By 1889 however, the Federal Council – due to lack of co-operation between the colonies – had failed to deliver a unified defence program. In October of that year, Henry Parkes, in his Tenterfield Oration to mark the completion of the Sydney to Brisbane railway, appealed that having a national defence force under one central control was one of the incentives for federation. He endorsed comments from the British Imperial General, Major-General Sir Bevan Edwards as the conscience for this cause. Edwards had inspected the colonial forces and had been compelled to question the effectiveness of an “army without a central executive to guide its movements.” (Crowley, 1980:281). It was fuel for Parkes’ pro-federation speech, and driven by wild applause he further pushed Edwards’ message:
Believing as he did that it was essential to preserve the integrity and security of these colonies that the whole of their forces should be amalgamated into one great federal army, feeling this, and seeing no other means of attaining the end, it seemed to him that the time was close at hand when they ought to set about creating this great national government for all Australia. [Parkes appropriately added that, with the completed Brisbane to Sydney railway]: They had now, from South Australia to Queensland, a stretch of about 2000 miles of railway, and if the four colonies could only combine to adopt a uniform gauge, it would be an immense advantage in the movement of troops. (Crowley, 1980:281).
A ‘White Australia’
To parallel the colonies’ fear of invasion was the “fear and loathing of other races.” (Alomes and Jones, 1991:125). Henningham summarises both:
Australia’s geography – further from the colonist’s ‘home’ than almost any place on earth, and separated by only a narrow sea passage from the ‘teeming millions’ of Asia – resulted in the development of a xenophobic, isolationist world view, in which psychological barriers were erected against near neighbours. (Henningham, 1995, p 2).

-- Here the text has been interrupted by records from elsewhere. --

(* Let $G=G_{1}\times\cdots\times G_{d}$ be a direct product where each $G_j$ is $k_j$-regular with $k_j\geq 1$. If, for each $j$, the adjacency eigenvalues of $G_j$ are integers all having the same 2-adic valuation $\nu_2$, then for every vertex $u$ of $G$, $\uparrow^{2}G$ has Laplacian perfect state transfer between $(0,u)$ and $(1,u)$.
   Context: All graphs are simple, undirected and unweighted. The direct product $G\times H$ is the graph with adjacency matrix $A(G)\otimes A(H)$. For a nonzero integer $n$, $\nu_2(n)$ is the exponent of the largest power of $2$ dividing $n$, and $\nu_2(0)=\infty$. The blow-up $\uparrow^{2}G$ has vertex set $\mathbb{Z}_2\times V(G)$, with $(l,u)\sim(m,v)$ iff $u\sim v$ in $G$. For a graph $X$ with Laplacian $L=D-A$, $U(t)=\exp(itL)$, and $X$ has Laplacian perfect state transfer between vertices $a,b$ if $U(\tau)\mathbf{e}_a=\gamma\mathbf{e}_b$ for some $\tau>0$ and $\gamma\in\mathbb{C}$. *)

theory Defs
  imports Complex_Main "HOL-Computational_Algebra.Primes" "HOL-Library.Extended_Nat"
begin

type_synonym 'a graph = "'a set \<times> ('a \<Rightarrow> 'a \<Rightarrow> bool)"

definition simple_graph :: "'a graph \<Rightarrow> bool" where
  "simple_graph G \<longleftrightarrow> finite (fst G) \<and>
     (\<forall>u v. snd G u v \<longrightarrow> u \<in> fst G \<and> v \<in> fst G) \<and>
     (\<forall>u v. snd G u v \<longrightarrow> snd G v u) \<and> (\<forall>u. \<not> snd G u u)"

definition degree :: "'a graph \<Rightarrow> 'a \<Rightarrow> nat" where
  "degree G u = card {v \<in> fst G. snd G u v}"

definition regular :: "'a graph \<Rightarrow> nat \<Rightarrow> bool" where
  "regular G k \<longleftrightarrow> (\<forall>u \<in> fst G. degree G u = k)"

definition adj :: "'a graph \<Rightarrow> 'a \<Rightarrow> 'a \<Rightarrow> real" where
  "adj G u v = (if snd G u v then 1 else 0)"

definition adj_eigenvalue :: "'a graph \<Rightarrow> real \<Rightarrow> bool" where
  "adj_eigenvalue G lam \<longleftrightarrow> (\<exists>f :: 'a \<Rightarrow> real. (\<exists>v \<in> fst G. f v \<noteq> 0) \<and>
      (\<forall>u \<in> fst G. (\<Sum>v \<in> fst G. adj G u v * f v) = lam * f u))"

definition nu2 :: "int \<Rightarrow> enat" where
  "nu2 n = (if n = 0 then \<infinity> else enat (multiplicity (2::int) n))"
lemma Fk_avg_shift_matrix_separate:
  assumes n: "1 \<le> n" and adm: "admissible_pair n A B" and k: "\<forall>x\<in>A \<union> B. k < x"
  shows "Fk n (avg_shift_matrix n) k A \<inter> Fk n (avg_shift_matrix n) k B = {}"
    and "card (Fk n (avg_shift_matrix n) k A \<union> Fk n (avg_shift_matrix n) k B) = card (A \<union> B)"
proof -
  have A: "A \<subseteq> {1..n}" and B: "B \<subseteq> {1..n}" and disj: "A \<inter> B = {}"
    using adm unfolding admissible_pair_def by auto
  have FA: "Fk n (avg_shift_matrix n) k A = {j\<in>{1..n}. j + k \<in> A}"
    and FB: "Fk n (avg_shift_matrix n) k B = {j\<in>{1..n}. j + k \<in> B}"
    using Fk_avg_shift_matrix[OF n] A B k by auto
  show "Fk n (avg_shift_matrix n) k A \<inter> Fk n (avg_shift_matrix n) k B = {}"
    unfolding FA FB using disj by auto
  have "bij_betw (\<lambda>j. j + k) {j\<in>{1..n}. j + k \<in> A \<union> B} (A \<union> B)"
  proof (rule bij_betw_imageI)
    show "(\<lambda>j. j + k) ` {j\<in>{1..n}. j + k \<in> A \<union> B} = A \<union> B"
    proof
      show "A \<union> B \<subseteq> (\<lambda>j. j + k) ` {j\<in>{1..n}. j + k \<in> A \<union> B}"
      proof
        fix x assume "x \<in> A \<union> B"
        moreover have "k < x" "x \<le> n" using calculation k A B by auto
        ultimately show "x \<in> (\<lambda>j. j + k) ` {j\<in>{1..n}. j + k \<in> A \<union> B}"
          by (intro image_eqI[of _ _ "x - k"]) auto
      qed
    qed auto
  qed (simp add: inj_on_def)
  then show "card (Fk n (avg_shift_matrix n) k A \<union> Fk n (avg_shift_matrix n) k B) = card (A \<union> B)"
    unfolding FA FB by (simp add: bij_betw_same_card Collect_disj_eq[symmetric] conj_disj_distribL)
qed

lemma s_index_avg_shift_matrix:
  assumes n: "1 \<le> n" and adm: "admissible_pair n A B"
  shows "s_index n (avg_shift_matrix n) A B = Min (A \<union> B)"
proof -
  have fin: "finite (A \<union> B)" "A \<union> B \<noteq> {}"
    using adm unfolding admissible_pair_def by (auto intro: finite_subset)
  define m where "m = Min (A \<union> B)"
  have m_min: "\<forall>x\<in>A \<union> B. m \<le> x" and m_pos: "1 \<le> m"
    using fin adm unfolding m_def admissible_pair_def by auto
  have "Fk n (avg_shift_matrix n) m A \<inter> Fk n (avg_shift_matrix n) m B \<noteq> {}"
  proof (cases "m \<in> A")
    case True
    then show ?thesis using Fk_avg_shift_matrix_meet[OF n adm _ m_min] by blast
  next
    case False
    then have "m \<in> B" using Min_in[OF fin] m_def by blast
    moreover have "admissible_pair n B A" using adm unfolding admissible_pair_def by auto
    ultimately show ?thesis
      using Fk_avg_shift_matrix_meet[of n B A m] n m_min by (auto simp: Un_commute)
  qed
  moreover have "m \<le> k"
    if "Fk n (avg_shift_matrix n) k A \<inter> Fk n (avg_shift_matrix n) k B \<noteq> {} \<or>
        card (A \<union> B) < card (Fk n (avg_shift_matrix n) k A \<union> Fk n (avg_shift_matrix n) k B)" for k
  proof (rule ccontr)
    assume "\<not> m \<le> k"
    then have "\<forall>x\<in>A \<union> B. k < x" using m_min by (meson less_le_trans not_le)
    then show False using that Fk_avg_shift_matrix_separate[OF n adm] by simp
  qed
  ultimately show ?thesis
    unfolding s_index_def m_def[symmetric] using m_pos by (intro Least_equality) auto
qed
theory Submission
  imports Defs
begin

(* Because \<Pi>_R maps X into R, \<Pi>_R\<^sup>-\<^sup>1(R) = X, and Axiom III yields \<mu>(X) = \<mu>(R): the
   complement X - R, and with it I, is \<mu>-null, so \<mu>(R) = E_0 > 0.  A product with a
   null factor is \<mu>\<otimes>\<mu>-null, so intersecting with R or R \<times> R, or enlarging B \<subseteq> R to
   \<Pi>_R\<^sup>-\<^sup>1(B), changes no measure; this carries Axiom III and the measure preservation
   of morphisms over to the restrictions.  Morphisms commute with the retractions and
   therefore map R, the fixed point set of \<Pi>_R, into R'. *)

lemma algebra_gen_algebra:
  assumes "S \<subseteq> Pow \<Omega>"
  shows "algebra \<Omega> (gen_algebra \<Omega> S)"
proof -
  have "Pow \<Omega> \<in> {M. algebra \<Omega> M \<and> S \<subseteq> M}"
    using assms by (auto simp: algebra_iff_Un)
  then show ?thesis
    unfolding algebra_iff_Un gen_algebra_def by (auto simp: algebra_iff_Un)
qed

lemma gen_algebra_superset: "S \<subseteq> gen_algebra \<Omega> S"
  unfolding gen_algebra_def by blast

lemma gen_algebra_least: "algebra \<Omega> M \<Longrightarrow> S \<subseteq> M \<Longrightarrow> gen_algebra \<Omega> S \<subseteq> M"
  unfolding gen_algebra_def by blast

lemma gen_algebra_trace:
  assumes "S \<subseteq> Pow \<Omega>" and "T \<subseteq> \<Omega>" and "E \<in> gen_algebra \<Omega> S"
  shows "E \<inter> T \<in> gen_algebra T ((\<lambda>B. B \<inter> T) ` S)"
proof -
  let ?N = "{E. E \<subseteq> \<Omega> \<and> E \<inter> T \<in> gen_algebra T ((\<lambda>B. B \<inter> T) ` S)}"
  interpret T: algebra T "gen_algebra T ((\<lambda>B. B \<inter> T) ` S)"
    by (rule algebra_gen_algebra) blast
  have "algebra \<Omega> ?N"
    unfolding algebra_iff_Un
  proof (intro conjI ballI)
    fix E assume "E \<in> ?N"
    then have "T - E \<inter> T \<in> gen_algebra T ((\<lambda>B. B \<inter> T) ` S)" by blast
    moreover have "(\<Omega> - E) \<inter> T = T - E \<inter> T" using assms(2) by blast
    ultimately show "\<Omega> - E \<in> ?N" by simp
  next
    fix E F assume "E \<in> ?N" "F \<in> ?N"
    then have "E \<inter> T \<union> F \<inter> T \<in> gen_algebra T ((\<lambda>B. B \<inter> T) ` S)" by blast
    moreover have "(E \<union> F) \<inter> T = E \<inter> T \<union> F \<inter> T" by blast
    ultimately show "E \<union> F \<in> ?N" using \<open>E \<in> ?N\<close> \<open>F \<in> ?N\<close> by simp
  next
    show "?N \<subseteq> Pow \<Omega>" by blast
    show "{} \<in> ?N" by simp
  qed
  moreover have "S \<subseteq> ?N"
    using assms(1) gen_algebra_superset by fastforce
  ultimately have "gen_algebra \<Omega> S \<subseteq> ?N"
    by (rule gen_algebra_least)
  then show ?thesis
    using assms(3) by blast
qed

lemma (in algebra) algebra_subsets:
  assumes "A \<in> M"
  shows "algebra A {B \<in> M. B \<subseteq> A}"
  unfolding algebra_iff_Un using assms by auto

lemma algebra_prod_alg:
  assumes "algebra X A"
  shows "algebra (X \<times> X) (prod_alg X A)"
proof -
  have "A \<subseteq> Pow X"
    using assms by (simp add: algebra_iff_Un)
  then show ?thesis
    unfolding prod_alg_def by (intro algebra_gen_algebra) blast
qed

lemma Times_in_prod_alg: "B1 \<in> A \<Longrightarrow> B2 \<in> A \<Longrightarrow> B1 \<times> B2 \<in> prod_alg X A"
  unfolding prod_alg_def by (rule subsetD[OF gen_algebra_superset]) blast

lemma prod_alg_subsets_subset:
  assumes "algebra X A" and "R \<in> A"
  shows "prod_alg R {B \<in> A. B \<subseteq> R} \<subseteq> prod_alg X A"
proof -
  interpret AA: algebra "X \<times> X" "prod_alg X A"
    using assms(1) by (rule algebra_prod_alg)
  let ?rects = "{B1 \<times> B2 |B1 B2. B1 \<in> {B \<in> A. B \<subseteq> R} \<and> B2 \<in> {B \<in> A. B \<subseteq> R}}"
  have "algebra (R \<times> R) {S \<in> prod_alg X A. S \<subseteq> R \<times> R}"
    using assms(2) Times_in_prod_alg by (intro AA.algebra_subsets)
  moreover have "?rects \<subseteq> {S \<in> prod_alg X A. S \<subseteq> R \<times> R}"
    using Times_in_prod_alg by blast
  ultimately have "gen_algebra (R \<times> R) ?rects \<subseteq> {S \<in> prod_alg X A. S \<subseteq> R \<times> R}"
    by (rule gen_algebra_least)
  then show ?thesis
    unfolding prod_alg_def[of R] by blast
qed
lemma cycle_labelling_row_sum:
  assumes "\<And>t. Suc t < n \<Longrightarrow> f (Suc t) + g t = s" and "i < n"
  shows "(\<Sum>j<n. cycle_labelling n r c f g i j) = (if i = r 0 then f 0 + g (n - 1) else s)"
proof -
  obtain u where u: "u < n" "i = r u" using assms(2) by (rule r_surjE)
  define v where "v = (if u = 0 then n - 1 else u - 1)"
  have v: "v < n"
    using u(1) by (auto simp: v_def)
  have "(\<Sum>j<n. cycle_labelling n r c f g i j) = (\<Sum>t<n. cycle_labelling n r c f g i (c t))"
    by (rule sum.reindex_bij_betw[OF bij_c, symmetric])
  also have "\<dots> = (\<Sum>t<n. if t = u then f t else 0) + (\<Sum>t<n. if t = v then g t else 0)"
  proof -
    have "\<And>t. t < n \<Longrightarrow> i = r t \<longleftrightarrow> t = u"
      using u by (auto simp: r_eq_iff)
    moreover have "\<And>t. t < n \<Longrightarrow> i = r (Suc t mod n) \<longleftrightarrow> t = v"
    proof -
      fix t assume "t < n"
      have "Suc t mod n < n"
        using two_le_n by simp
      then have "i = r (Suc t mod n) \<longleftrightarrow> Suc t mod n = u"
        using u r_eq_iff by metis
      also have "\<dots> \<longleftrightarrow> t = v"
        using \<open>t < n\<close> u(1) by (auto simp: v_def mod_Suc)
      finally show "i = r (Suc t mod n) \<longleftrightarrow> t = v" .
    qed
    ultimately show ?thesis
      by (simp add: cycle_labelling_col sum.distrib)
  qed
  also have "\<dots> = f u + g v"
    using u v by simp
  finally have "(\<Sum>j<n. cycle_labelling n r c f g i j) = f u + g v" .
  moreover have "u \<noteq> 0 \<Longrightarrow> i \<noteq> r 0 \<and> f u + g v = s"
    using u assms(1)[of v] two_le_n by (simp add: v_def r_eq_iff)
  ultimately show ?thesis
    using u by (cases "u = 0") (simp_all add: v_def)
qed

lemma cycle_labelling_one:
  assumes "j < n"
  shows "cycle_labelling n r c (\<lambda>_. 1) (\<lambda>_. 1) i j = of_bool ((i, j) \<in> cycle_cells n r c)"
proof -
  obtain t where "t < n" "j = c t" using assms by (rule c_surjE)
  then show ?thesis
    using r_Suc_mod_neq[of t] by (simp add: cycle_labelling_col mem_cycle_cells_col)
qed

lemma cycle_cells_row_card:
  assumes "i < n" shows "card {j. j < n \<and> (i, j) \<in> cycle_cells n r c} = 2"
proof -
  have "int (card {j. j < n \<and> (i, j) \<in> cycle_cells n r c}) =
          (\<Sum>j<n. cycle_labelling n r c (\<lambda>_. 1) (\<lambda>_. 1) i j)"
    by (simp add: sum_of_bool_lessThan[symmetric] cycle_labelling_one)
  also have "\<dots> = 2"
    using cycle_labelling_row_sum[of "\<lambda>_. 1" "\<lambda>_. 1" 2, OF _ assms] by simp
  finally show ?thesis by simp
qed

lemma cycle_cells_col_card:
  assumes "j < n" shows "card {i. i < n \<and> (i, j) \<in> cycle_cells n r c} = 2"
proof -
  have "int (card {i. i < n \<and> (i, j) \<in> cycle_cells n r c}) =
          (\<Sum>i<n. cycle_labelling n r c (\<lambda>_. 1) (\<lambda>_. 1) i j)"
    using assms by (simp add: cycle_labelling_one sum_of_bool_lessThan[symmetric])
  also have "\<dots> = 2"
    using cycle_labelling_col_sum[of "\<lambda>_. 1" "\<lambda>_. 1" 2, OF _ assms] by simp
  finally show ?thesis by simp
qed

lemma cycle_labelling_bij:
  assumes "inj_on f {..<n}" "inj_on g {..<n}" "f ` {..<n} \<inter> g ` {..<n} = {}"
  shows "bij_betw (\<lambda>(i, j). cycle_labelling n r c f g i j) (cycle_cells n r c)
           (f ` {..<n} \<union> g ` {..<n})"
  unfolding cycle_cells_def
proof (rule bij_betw_combine)
  show "bij_betw (\<lambda>(i, j). cycle_labelling n r c f g i j) ((\<lambda>t. (r t, c t)) ` {..<n}) (f ` {..<n})"
    by (rule bij_betw_image_factor[OF _ assms(1)]) (simp_all add: inj_on_def c_eq_iff cycle_labelling_diag)
  show "bij_betw (\<lambda>(i, j). cycle_labelling n r c f g i j)
          ((\<lambda>t. (r (Suc t mod n), c t)) ` {..<n}) (g ` {..<n})"
    by (rule bij_betw_image_factor[OF _ assms(2)]) (simp_all add: inj_on_def c_eq_iff cycle_labelling_subdiag)
qed (fact assms(3))

end

lemma cycle_cells_rotate:
  assumes "s < n"
  shows "cycle_cells n (r \<circ> (\<lambda>t. (t + s) mod n)) (c \<circ> (\<lambda>t. (t + s) mod n)) = cycle_cells n r c"
proof -
  have shift: "(\<lambda>t. (t + s) mod n) ` {..<n} = {..<n}"
    using bij_betw_add_mod[OF assms] by (simp add: bij_betw_def)
  have "\<And>t. (Suc t mod n + s) mod n = Suc ((t + s) mod n) mod n"
    by (simp add: mod_add_left_eq mod_Suc_eq)
  then have "cycle_cells n (r \<circ> (\<lambda>t. (t + s) mod n)) (c \<circ> (\<lambda>t. (t + s) mod n)) =
      (\<lambda>t. (r t, c t)) ` ((\<lambda>t. (t + s) mod n) ` {..<n}) \<union>
      (\<lambda>t. (r (Suc t mod n), c t)) ` ((\<lambda>t. (t + s) mod n) ` {..<n})"
    by (simp add: cycle_cells_def image_image)
  then show ?thesis
    by (simp add: shift cycle_cells_def)
qed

Fuelled by the concept of Social Darwinism, the colonists were also anxious to maintain white purity which was under threat of ‘decay’ from the Indigenous population, and more predominantly, from the ‘invasion’ of Chinese who had arrived as diggers on the goldfields some decades earlier. “Anti-Chinese paranoia” (Kingston, 1993:137) however, extended beyond the arguments of Social Darwinism. Fostered as anti-Christian by the popular press, and with government enquiries into their alleged gambling habits and drug use, the Chinese were seen as the mental and moral corrupters of society. The anti-Chinese sentiment was also extended to an anxiety about economic competition given that in a variety of lowly occupations the Chinese were seen as a threat to wages and conditions, due to their acceptance of both at a level below the standards of the white worker. Such sentiments were also directed towards the Kanakas: the Pacific Islanders employed in large numbers in the Queensland sugar industry.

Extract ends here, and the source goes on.